_What you are asked to do_
Exactly the lines from the start of the data below through the line containing "else 0)) \<le>" must be returned, and no others.

_Supplied information_
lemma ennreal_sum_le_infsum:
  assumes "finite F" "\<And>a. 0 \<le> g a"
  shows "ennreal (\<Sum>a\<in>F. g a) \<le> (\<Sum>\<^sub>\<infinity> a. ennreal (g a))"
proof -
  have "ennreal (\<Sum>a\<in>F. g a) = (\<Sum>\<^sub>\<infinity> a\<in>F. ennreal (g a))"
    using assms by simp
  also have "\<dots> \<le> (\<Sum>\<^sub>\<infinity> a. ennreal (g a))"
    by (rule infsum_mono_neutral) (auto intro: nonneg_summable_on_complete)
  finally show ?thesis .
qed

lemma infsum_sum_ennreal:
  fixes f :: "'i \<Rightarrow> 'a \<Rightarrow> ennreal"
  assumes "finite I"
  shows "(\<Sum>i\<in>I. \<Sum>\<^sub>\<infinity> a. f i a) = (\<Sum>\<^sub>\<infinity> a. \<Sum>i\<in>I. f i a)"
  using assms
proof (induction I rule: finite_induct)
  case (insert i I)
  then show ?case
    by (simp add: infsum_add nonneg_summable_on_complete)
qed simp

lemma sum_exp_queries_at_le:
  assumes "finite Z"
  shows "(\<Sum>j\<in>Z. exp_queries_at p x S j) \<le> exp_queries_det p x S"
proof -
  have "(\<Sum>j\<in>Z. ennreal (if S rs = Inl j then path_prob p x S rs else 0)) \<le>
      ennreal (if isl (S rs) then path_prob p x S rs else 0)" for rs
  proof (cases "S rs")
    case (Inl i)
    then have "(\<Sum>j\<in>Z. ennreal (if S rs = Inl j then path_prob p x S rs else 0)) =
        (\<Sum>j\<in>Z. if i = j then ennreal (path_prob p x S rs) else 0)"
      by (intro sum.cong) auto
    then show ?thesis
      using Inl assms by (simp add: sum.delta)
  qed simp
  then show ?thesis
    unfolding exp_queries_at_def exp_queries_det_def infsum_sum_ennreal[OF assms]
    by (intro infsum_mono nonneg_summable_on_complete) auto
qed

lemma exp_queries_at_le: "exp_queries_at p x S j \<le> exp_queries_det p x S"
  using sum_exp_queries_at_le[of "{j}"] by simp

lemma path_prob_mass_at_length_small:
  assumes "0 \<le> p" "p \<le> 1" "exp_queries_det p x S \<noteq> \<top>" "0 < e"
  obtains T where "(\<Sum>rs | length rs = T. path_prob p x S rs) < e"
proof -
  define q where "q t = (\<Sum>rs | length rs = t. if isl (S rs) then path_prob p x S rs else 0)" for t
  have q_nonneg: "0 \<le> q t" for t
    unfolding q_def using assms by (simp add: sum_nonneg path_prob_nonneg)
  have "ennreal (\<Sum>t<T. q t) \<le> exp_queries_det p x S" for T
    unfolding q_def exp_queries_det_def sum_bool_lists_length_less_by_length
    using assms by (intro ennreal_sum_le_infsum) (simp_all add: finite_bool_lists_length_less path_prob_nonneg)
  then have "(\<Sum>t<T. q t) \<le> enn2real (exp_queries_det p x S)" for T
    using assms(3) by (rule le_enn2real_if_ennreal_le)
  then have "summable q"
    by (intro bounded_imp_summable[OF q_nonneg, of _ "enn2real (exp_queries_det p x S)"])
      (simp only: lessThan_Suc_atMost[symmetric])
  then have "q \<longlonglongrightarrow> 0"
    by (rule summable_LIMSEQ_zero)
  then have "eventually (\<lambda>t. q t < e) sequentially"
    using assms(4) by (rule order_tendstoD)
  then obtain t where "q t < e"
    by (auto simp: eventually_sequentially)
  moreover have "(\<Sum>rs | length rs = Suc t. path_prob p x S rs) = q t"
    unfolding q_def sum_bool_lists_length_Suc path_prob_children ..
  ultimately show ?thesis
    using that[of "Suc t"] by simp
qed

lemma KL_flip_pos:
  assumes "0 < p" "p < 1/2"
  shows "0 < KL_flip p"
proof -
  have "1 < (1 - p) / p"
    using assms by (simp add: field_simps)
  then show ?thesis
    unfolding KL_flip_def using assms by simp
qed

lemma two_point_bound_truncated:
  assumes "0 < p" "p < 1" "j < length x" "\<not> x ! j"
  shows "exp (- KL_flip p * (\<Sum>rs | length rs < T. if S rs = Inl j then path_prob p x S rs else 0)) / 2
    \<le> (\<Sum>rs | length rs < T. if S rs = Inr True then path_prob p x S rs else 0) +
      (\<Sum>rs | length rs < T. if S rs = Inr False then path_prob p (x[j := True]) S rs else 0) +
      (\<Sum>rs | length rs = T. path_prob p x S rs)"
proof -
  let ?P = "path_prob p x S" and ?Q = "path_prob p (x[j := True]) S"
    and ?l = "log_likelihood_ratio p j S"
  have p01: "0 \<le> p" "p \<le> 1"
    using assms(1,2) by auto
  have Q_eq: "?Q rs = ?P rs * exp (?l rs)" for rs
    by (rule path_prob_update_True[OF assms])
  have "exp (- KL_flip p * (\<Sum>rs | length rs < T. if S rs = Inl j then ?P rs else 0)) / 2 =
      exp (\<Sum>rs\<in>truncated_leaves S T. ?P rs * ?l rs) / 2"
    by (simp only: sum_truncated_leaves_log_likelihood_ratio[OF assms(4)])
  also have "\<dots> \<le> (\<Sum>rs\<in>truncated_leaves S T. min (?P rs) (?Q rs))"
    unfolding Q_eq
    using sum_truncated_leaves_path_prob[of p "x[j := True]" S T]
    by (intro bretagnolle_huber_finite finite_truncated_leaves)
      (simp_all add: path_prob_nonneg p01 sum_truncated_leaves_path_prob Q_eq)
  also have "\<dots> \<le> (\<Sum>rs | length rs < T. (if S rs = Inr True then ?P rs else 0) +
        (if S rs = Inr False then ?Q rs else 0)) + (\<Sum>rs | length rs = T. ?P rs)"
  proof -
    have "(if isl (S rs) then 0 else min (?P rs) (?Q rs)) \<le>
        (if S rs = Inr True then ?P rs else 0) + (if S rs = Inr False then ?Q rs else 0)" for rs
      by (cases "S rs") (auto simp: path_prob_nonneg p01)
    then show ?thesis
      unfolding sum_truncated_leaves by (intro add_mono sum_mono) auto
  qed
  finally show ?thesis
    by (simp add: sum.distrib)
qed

_Response for this exercise_
lemma ennreal_sum_le_infsum:
  assumes "finite F" "\<And>a. 0 \<le> g a"
  shows "ennreal (\<Sum>a\<in>F. g a) \<le> (\<Sum>\<^sub>\<infinity> a. ennreal (g a))"
proof -
  have "ennreal (\<Sum>a\<in>F. g a) = (\<Sum>\<^sub>\<infinity> a\<in>F. ennreal (g a))"
    using assms by simp
  also have "\<dots> \<le> (\<Sum>\<^sub>\<infinity> a. ennreal (g a))"
    by (rule infsum_mono_neutral) (auto intro: nonneg_summable_on_complete)
  finally show ?thesis .
qed

lemma infsum_sum_ennreal:
  fixes f :: "'i \<Rightarrow> 'a \<Rightarrow> ennreal"
  assumes "finite I"
  shows "(\<Sum>i\<in>I. \<Sum>\<^sub>\<infinity> a. f i a) = (\<Sum>\<^sub>\<infinity> a. \<Sum>i\<in>I. f i a)"
  using assms
proof (induction I rule: finite_induct)
  case (insert i I)
  then show ?case
    by (simp add: infsum_add nonneg_summable_on_complete)
qed simp

lemma sum_exp_queries_at_le:
  assumes "finite Z"
  shows "(\<Sum>j\<in>Z. exp_queries_at p x S j) \<le> exp_queries_det p x S"
proof -
  have "(\<Sum>j\<in>Z. ennreal (if S rs = Inl j then path_prob p x S rs else 0)) \<le>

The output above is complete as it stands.